Task directions
From the records below, copy out exactly the lines from the one containing "are the first" to the one containing "tg \<Rightarrow> 'f tg \<Rightarrow>", both included. Add nothing else.
*** Begin section ***
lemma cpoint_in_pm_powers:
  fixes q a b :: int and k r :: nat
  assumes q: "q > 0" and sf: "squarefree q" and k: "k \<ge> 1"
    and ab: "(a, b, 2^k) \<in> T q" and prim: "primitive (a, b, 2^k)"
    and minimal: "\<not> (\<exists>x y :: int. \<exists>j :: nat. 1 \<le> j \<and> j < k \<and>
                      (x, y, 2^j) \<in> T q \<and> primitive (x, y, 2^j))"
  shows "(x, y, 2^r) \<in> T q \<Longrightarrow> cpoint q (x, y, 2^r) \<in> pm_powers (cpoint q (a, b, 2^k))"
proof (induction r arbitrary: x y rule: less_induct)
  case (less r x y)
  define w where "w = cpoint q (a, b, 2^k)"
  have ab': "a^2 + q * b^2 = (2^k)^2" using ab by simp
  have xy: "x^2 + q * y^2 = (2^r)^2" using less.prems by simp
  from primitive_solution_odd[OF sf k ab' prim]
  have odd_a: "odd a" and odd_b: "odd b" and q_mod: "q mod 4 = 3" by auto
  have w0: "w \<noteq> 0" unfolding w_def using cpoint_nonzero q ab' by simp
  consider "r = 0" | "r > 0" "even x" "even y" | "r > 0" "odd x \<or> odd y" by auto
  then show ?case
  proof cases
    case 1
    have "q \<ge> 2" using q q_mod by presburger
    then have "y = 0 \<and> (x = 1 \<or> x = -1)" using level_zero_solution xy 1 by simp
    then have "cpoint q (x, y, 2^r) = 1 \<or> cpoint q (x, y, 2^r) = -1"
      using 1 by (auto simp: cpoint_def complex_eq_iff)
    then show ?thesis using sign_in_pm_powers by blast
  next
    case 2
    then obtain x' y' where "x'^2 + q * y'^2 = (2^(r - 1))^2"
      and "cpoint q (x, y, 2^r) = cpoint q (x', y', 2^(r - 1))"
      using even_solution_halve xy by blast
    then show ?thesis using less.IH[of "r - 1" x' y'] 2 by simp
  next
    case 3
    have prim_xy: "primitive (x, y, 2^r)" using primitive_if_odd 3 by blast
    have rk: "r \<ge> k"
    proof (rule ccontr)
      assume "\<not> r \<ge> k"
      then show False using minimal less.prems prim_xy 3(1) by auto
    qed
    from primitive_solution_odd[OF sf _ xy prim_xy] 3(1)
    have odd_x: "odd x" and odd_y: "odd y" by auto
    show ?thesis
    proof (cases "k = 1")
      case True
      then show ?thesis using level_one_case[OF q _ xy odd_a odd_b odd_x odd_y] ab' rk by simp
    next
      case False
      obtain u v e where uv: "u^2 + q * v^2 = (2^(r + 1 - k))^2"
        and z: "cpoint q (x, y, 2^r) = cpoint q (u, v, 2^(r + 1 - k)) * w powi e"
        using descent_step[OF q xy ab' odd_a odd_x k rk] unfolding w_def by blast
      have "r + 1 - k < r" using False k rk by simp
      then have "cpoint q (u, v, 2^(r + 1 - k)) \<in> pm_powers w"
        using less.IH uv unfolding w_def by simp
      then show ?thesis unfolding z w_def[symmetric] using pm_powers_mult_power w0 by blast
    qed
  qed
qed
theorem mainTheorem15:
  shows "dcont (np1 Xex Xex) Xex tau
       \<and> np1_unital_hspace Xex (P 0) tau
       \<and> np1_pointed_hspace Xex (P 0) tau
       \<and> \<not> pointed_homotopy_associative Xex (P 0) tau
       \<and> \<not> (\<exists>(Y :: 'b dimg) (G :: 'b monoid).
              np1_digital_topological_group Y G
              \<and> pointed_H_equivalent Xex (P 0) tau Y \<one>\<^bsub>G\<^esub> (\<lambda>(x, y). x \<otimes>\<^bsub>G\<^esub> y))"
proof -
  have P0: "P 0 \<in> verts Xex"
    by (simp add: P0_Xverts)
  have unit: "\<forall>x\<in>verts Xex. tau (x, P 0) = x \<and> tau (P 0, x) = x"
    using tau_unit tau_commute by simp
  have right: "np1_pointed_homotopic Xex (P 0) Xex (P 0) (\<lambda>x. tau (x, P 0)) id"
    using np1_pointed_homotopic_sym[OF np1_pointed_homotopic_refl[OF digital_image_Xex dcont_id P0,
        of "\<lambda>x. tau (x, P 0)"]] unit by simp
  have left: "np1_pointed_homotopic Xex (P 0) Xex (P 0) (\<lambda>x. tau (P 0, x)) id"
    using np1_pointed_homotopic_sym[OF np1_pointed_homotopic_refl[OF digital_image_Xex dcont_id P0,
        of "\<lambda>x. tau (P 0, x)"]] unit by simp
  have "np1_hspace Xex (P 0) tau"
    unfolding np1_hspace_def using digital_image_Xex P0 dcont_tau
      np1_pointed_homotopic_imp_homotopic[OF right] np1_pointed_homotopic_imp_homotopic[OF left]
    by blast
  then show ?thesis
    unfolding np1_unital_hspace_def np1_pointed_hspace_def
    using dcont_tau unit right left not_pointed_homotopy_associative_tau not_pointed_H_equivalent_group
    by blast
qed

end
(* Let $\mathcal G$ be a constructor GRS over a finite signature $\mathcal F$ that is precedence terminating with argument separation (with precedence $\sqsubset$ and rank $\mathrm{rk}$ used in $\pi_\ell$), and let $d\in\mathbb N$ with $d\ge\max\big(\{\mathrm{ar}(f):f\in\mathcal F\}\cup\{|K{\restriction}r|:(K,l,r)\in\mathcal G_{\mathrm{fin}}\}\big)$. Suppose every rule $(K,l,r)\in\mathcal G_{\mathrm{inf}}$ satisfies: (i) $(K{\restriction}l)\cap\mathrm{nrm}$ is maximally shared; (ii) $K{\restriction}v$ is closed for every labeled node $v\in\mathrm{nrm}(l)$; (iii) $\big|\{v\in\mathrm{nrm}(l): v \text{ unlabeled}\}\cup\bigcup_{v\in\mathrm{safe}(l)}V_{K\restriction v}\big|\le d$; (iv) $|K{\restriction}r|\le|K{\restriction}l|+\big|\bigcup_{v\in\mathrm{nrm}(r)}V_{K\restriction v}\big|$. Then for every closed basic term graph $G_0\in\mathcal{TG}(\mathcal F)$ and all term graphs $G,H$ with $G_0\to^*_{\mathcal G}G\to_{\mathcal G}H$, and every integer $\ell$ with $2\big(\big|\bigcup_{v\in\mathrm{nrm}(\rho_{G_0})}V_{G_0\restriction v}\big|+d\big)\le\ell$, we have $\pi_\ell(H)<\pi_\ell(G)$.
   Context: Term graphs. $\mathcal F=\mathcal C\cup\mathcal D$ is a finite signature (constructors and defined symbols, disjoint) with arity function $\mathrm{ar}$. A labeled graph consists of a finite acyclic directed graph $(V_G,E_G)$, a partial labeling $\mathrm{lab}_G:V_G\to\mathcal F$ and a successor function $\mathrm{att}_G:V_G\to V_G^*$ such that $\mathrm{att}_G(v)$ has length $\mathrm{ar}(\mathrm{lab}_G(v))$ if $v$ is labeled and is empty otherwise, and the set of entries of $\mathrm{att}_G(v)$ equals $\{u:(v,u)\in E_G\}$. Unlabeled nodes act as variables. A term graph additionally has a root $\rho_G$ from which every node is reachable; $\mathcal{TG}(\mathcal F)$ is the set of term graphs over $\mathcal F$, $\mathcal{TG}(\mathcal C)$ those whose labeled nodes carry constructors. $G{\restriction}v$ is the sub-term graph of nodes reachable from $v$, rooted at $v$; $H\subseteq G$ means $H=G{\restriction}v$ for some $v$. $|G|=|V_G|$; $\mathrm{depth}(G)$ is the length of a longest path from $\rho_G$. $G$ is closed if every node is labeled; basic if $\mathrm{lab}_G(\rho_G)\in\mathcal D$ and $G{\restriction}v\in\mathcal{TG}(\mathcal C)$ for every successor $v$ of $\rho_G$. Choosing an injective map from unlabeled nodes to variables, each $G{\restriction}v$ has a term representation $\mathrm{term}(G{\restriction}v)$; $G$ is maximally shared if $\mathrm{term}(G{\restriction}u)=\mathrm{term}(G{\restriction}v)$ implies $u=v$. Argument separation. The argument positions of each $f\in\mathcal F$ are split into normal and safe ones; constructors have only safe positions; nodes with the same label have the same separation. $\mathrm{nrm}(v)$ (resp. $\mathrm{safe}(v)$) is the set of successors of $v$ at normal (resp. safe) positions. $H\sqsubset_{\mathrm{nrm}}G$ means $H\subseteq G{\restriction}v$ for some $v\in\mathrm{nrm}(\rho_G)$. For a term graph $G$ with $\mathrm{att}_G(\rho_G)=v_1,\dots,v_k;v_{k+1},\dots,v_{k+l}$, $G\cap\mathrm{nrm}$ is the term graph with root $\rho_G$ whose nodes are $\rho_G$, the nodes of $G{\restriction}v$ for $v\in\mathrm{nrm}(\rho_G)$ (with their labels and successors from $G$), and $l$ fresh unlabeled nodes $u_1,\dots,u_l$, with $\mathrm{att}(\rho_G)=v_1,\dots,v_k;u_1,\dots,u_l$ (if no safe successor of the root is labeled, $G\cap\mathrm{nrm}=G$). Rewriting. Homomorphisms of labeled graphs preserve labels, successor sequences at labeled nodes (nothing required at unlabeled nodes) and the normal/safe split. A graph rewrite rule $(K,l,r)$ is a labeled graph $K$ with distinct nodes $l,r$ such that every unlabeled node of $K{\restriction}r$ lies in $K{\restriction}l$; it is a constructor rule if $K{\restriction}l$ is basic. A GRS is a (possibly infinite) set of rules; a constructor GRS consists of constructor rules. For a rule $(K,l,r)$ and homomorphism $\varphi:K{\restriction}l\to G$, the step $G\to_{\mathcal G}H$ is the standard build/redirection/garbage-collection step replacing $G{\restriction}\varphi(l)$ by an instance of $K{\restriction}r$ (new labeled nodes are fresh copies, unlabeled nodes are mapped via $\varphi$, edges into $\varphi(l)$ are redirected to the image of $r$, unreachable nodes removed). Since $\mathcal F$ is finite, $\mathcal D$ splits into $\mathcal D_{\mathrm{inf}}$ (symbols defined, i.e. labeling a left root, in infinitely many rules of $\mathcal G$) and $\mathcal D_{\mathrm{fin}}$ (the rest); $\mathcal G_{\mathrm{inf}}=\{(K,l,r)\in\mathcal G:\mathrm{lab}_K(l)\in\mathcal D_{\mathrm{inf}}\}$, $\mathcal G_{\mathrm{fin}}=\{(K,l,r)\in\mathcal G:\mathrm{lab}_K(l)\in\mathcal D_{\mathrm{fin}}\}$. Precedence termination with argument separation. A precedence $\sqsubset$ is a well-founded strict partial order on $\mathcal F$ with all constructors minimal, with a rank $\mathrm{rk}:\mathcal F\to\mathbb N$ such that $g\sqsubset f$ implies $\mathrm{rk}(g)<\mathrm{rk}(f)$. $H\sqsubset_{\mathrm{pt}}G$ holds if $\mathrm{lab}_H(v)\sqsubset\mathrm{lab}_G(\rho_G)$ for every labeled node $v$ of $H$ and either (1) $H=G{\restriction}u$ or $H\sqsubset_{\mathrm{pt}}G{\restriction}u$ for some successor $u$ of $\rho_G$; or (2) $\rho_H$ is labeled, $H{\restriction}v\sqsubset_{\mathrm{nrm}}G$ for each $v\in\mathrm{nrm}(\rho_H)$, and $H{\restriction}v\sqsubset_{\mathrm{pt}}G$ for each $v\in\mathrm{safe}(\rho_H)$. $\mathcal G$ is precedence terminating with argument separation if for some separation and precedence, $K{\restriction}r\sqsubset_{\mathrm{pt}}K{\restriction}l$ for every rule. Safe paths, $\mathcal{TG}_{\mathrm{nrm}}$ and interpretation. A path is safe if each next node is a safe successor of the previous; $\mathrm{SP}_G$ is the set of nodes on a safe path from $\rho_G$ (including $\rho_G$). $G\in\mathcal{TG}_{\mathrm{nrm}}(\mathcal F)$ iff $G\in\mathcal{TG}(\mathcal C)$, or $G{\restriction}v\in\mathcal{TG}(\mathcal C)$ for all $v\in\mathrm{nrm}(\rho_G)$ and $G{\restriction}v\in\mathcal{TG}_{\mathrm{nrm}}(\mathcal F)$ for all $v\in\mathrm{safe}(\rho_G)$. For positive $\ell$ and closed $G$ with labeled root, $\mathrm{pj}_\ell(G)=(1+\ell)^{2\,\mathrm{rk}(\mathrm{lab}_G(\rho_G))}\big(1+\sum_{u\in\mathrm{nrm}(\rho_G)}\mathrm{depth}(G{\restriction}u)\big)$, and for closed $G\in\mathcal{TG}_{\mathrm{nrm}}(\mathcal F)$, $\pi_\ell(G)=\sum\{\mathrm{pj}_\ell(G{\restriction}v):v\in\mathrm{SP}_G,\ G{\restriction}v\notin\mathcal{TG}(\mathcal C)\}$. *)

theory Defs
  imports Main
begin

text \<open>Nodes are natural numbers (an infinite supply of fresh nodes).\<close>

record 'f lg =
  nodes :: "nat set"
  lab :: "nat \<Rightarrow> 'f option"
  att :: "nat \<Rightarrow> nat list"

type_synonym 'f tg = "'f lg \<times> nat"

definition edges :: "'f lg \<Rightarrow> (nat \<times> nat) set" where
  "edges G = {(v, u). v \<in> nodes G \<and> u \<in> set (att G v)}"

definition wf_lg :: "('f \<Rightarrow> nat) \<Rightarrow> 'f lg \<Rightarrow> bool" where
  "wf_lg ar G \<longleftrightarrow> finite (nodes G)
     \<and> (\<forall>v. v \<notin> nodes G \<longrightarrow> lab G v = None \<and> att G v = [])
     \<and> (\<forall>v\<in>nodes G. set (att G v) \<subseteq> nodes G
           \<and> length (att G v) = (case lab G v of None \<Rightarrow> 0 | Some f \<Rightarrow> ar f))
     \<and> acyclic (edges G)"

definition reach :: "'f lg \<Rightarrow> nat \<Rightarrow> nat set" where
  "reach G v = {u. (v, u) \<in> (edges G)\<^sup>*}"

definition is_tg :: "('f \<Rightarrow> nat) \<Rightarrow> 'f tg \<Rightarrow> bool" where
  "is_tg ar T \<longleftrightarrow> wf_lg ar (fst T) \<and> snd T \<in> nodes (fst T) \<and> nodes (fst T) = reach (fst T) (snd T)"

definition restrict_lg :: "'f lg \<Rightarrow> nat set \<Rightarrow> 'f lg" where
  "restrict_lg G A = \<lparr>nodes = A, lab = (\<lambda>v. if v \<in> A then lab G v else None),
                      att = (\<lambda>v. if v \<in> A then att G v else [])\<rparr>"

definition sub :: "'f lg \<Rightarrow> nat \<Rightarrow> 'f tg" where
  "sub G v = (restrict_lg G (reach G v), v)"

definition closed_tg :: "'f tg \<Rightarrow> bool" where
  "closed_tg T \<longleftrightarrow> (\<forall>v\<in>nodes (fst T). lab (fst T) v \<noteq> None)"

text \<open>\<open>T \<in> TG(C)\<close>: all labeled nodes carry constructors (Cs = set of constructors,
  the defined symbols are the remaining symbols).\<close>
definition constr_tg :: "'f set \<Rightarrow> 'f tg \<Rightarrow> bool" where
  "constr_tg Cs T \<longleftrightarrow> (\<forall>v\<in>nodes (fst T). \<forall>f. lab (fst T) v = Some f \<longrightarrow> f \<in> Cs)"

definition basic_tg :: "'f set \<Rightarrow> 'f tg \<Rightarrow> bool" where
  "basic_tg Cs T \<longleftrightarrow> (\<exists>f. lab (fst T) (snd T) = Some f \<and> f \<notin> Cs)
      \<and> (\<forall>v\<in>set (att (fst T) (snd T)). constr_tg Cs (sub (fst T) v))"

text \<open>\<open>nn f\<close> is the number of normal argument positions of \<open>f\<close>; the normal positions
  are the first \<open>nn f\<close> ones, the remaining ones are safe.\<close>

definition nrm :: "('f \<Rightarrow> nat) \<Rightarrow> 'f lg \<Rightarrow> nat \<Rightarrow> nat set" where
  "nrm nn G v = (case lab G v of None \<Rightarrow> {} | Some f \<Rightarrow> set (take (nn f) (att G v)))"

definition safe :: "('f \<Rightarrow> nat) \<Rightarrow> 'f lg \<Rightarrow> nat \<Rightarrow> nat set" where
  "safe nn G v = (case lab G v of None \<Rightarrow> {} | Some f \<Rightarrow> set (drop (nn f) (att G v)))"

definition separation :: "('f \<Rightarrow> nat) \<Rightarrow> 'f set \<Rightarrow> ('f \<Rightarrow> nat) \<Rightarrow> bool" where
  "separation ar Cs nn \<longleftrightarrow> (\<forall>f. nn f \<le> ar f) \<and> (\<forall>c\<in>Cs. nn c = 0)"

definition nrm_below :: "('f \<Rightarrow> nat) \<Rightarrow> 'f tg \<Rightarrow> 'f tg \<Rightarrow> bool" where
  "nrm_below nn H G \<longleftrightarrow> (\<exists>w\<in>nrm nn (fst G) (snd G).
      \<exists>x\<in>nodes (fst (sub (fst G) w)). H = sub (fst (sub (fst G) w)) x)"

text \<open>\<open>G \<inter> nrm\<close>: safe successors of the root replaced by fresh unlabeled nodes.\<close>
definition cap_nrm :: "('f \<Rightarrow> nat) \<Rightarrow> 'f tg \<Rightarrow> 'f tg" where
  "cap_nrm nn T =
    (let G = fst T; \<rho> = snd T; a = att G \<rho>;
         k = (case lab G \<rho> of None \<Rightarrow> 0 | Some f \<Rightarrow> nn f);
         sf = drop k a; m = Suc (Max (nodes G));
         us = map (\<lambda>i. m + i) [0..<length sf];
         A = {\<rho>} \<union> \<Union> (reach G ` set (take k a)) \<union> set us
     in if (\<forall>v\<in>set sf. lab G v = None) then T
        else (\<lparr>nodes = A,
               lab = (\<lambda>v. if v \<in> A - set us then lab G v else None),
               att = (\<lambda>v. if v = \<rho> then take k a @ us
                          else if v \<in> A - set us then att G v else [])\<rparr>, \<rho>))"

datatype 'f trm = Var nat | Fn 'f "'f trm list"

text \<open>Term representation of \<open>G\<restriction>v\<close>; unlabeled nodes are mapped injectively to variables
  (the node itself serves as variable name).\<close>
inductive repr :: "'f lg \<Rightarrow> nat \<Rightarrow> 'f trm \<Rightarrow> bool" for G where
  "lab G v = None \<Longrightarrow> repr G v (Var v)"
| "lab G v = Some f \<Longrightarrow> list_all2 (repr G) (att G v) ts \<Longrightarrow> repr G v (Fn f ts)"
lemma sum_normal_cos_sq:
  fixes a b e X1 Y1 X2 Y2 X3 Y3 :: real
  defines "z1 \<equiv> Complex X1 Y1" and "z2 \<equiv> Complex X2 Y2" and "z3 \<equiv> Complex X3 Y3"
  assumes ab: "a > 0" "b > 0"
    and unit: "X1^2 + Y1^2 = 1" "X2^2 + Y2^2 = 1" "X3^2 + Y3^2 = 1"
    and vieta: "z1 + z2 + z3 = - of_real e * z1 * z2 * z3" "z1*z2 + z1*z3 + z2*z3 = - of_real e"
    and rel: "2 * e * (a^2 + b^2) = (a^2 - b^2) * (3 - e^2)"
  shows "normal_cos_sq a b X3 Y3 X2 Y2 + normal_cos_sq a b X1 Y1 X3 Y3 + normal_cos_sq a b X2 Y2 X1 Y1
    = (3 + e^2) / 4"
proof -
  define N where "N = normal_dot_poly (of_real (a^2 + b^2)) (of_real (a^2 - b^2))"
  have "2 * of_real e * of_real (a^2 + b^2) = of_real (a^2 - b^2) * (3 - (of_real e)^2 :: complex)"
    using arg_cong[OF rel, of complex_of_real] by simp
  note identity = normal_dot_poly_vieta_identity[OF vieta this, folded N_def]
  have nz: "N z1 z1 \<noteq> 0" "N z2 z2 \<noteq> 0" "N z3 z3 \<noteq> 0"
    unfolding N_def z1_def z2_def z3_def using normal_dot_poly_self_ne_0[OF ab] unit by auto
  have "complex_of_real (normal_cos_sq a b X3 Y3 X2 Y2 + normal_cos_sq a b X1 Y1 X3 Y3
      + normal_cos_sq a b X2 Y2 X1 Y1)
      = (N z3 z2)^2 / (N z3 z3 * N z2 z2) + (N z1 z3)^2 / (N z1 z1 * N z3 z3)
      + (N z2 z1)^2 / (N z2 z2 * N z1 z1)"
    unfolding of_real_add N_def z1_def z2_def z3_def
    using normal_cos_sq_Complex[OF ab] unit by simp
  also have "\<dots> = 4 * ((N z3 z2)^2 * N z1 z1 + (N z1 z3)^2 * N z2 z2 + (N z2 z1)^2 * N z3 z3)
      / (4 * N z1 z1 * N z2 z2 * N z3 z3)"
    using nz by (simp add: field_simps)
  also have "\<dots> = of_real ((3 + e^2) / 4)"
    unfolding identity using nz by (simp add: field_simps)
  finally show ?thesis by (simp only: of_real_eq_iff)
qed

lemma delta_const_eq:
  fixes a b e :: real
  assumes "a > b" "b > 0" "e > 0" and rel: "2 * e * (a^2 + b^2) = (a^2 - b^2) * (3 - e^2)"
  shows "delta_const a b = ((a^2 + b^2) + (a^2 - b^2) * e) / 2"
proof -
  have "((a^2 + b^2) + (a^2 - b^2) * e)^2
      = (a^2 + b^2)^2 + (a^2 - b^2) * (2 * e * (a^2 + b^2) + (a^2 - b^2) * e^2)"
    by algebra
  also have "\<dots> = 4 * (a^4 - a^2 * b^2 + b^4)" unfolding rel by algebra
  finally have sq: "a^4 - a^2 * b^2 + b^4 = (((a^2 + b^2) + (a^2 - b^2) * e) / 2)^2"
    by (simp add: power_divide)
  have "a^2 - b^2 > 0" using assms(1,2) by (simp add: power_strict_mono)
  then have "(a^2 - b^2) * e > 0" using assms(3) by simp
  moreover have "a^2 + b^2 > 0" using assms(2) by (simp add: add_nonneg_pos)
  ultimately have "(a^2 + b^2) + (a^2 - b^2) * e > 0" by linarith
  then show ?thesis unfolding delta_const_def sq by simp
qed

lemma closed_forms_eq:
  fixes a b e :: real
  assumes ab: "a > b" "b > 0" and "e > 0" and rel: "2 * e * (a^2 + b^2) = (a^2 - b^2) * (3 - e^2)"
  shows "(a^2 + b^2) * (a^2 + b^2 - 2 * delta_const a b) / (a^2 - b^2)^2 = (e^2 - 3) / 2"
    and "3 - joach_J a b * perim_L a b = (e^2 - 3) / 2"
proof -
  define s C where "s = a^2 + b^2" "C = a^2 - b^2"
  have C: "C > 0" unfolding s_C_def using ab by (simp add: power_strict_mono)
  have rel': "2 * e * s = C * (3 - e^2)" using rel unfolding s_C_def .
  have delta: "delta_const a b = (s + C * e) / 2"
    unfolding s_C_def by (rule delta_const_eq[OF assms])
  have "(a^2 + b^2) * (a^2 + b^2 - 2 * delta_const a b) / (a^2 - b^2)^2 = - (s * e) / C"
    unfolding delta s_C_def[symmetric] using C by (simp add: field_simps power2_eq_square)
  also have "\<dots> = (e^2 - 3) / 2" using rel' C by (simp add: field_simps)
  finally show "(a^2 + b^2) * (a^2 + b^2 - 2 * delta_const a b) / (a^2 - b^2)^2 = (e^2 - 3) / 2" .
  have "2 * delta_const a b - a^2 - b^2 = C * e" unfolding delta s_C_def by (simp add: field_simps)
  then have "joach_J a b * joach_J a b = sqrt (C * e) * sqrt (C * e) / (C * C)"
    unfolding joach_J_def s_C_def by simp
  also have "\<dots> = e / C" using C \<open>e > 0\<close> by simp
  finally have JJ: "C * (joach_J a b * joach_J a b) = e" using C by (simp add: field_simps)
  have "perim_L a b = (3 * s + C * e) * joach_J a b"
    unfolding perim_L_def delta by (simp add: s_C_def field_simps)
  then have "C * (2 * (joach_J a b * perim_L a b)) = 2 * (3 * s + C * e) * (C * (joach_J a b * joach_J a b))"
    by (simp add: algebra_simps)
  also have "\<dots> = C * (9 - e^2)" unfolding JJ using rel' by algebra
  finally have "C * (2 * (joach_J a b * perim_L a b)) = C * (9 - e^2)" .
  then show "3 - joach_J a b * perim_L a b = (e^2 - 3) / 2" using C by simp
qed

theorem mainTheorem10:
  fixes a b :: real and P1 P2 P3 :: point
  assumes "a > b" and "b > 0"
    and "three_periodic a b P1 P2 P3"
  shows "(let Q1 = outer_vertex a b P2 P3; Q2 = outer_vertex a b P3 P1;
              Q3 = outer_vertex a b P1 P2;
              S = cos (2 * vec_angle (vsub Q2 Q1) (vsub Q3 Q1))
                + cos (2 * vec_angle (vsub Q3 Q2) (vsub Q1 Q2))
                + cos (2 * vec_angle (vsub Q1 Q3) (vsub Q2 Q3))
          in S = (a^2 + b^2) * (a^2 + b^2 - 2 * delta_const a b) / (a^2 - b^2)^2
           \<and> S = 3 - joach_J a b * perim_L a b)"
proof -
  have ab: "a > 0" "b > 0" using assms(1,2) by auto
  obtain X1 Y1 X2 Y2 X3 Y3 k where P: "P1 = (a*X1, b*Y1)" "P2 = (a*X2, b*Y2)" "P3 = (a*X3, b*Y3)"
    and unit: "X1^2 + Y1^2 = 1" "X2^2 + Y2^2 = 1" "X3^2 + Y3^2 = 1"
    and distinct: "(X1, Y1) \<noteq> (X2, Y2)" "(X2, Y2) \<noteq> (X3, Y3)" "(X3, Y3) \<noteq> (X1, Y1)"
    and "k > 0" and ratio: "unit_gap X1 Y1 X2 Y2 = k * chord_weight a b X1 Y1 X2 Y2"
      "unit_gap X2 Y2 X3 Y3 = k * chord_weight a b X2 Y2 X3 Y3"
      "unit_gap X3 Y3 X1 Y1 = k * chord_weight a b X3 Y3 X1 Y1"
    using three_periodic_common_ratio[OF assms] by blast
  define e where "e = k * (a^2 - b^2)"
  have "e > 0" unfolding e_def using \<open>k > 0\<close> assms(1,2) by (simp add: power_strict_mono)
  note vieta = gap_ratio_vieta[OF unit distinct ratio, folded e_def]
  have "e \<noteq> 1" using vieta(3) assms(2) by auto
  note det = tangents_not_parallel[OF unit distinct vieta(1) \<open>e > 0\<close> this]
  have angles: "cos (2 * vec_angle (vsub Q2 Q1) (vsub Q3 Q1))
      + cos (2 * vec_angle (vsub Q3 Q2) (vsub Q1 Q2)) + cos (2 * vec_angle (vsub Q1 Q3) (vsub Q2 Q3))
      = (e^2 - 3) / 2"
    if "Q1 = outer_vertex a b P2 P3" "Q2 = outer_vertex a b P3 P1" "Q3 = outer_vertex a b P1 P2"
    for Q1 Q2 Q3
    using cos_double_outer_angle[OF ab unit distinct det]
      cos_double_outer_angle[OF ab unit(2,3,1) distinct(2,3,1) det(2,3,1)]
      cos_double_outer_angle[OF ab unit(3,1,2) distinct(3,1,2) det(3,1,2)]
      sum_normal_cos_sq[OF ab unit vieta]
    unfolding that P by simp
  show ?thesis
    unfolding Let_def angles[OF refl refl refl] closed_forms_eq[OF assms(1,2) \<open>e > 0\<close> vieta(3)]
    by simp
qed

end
*** End section ***
Worked solution
  are the first \<open>nn f\<close> ones, the remaining ones are safe.\<close>

definition nrm :: "('f \<Rightarrow> nat) \<Rightarrow> 'f lg \<Rightarrow> nat \<Rightarrow> nat set" where
  "nrm nn G v = (case lab G v of None \<Rightarrow> {} | Some f \<Rightarrow> set (take (nn f) (att G v)))"

definition safe :: "('f \<Rightarrow> nat) \<Rightarrow> 'f lg \<Rightarrow> nat \<Rightarrow> nat set" where
  "safe nn G v = (case lab G v of None \<Rightarrow> {} | Some f \<Rightarrow> set (drop (nn f) (att G v)))"

definition separation :: "('f \<Rightarrow> nat) \<Rightarrow> 'f set \<Rightarrow> ('f \<Rightarrow> nat) \<Rightarrow> bool" where
  "separation ar Cs nn \<longleftrightarrow> (\<forall>f. nn f \<le> ar f) \<and> (\<forall>c\<in>Cs. nn c = 0)"

definition nrm_below :: "('f \<Rightarrow> nat) \<Rightarrow> 'f tg \<Rightarrow> 'f tg \<Rightarrow> bool" where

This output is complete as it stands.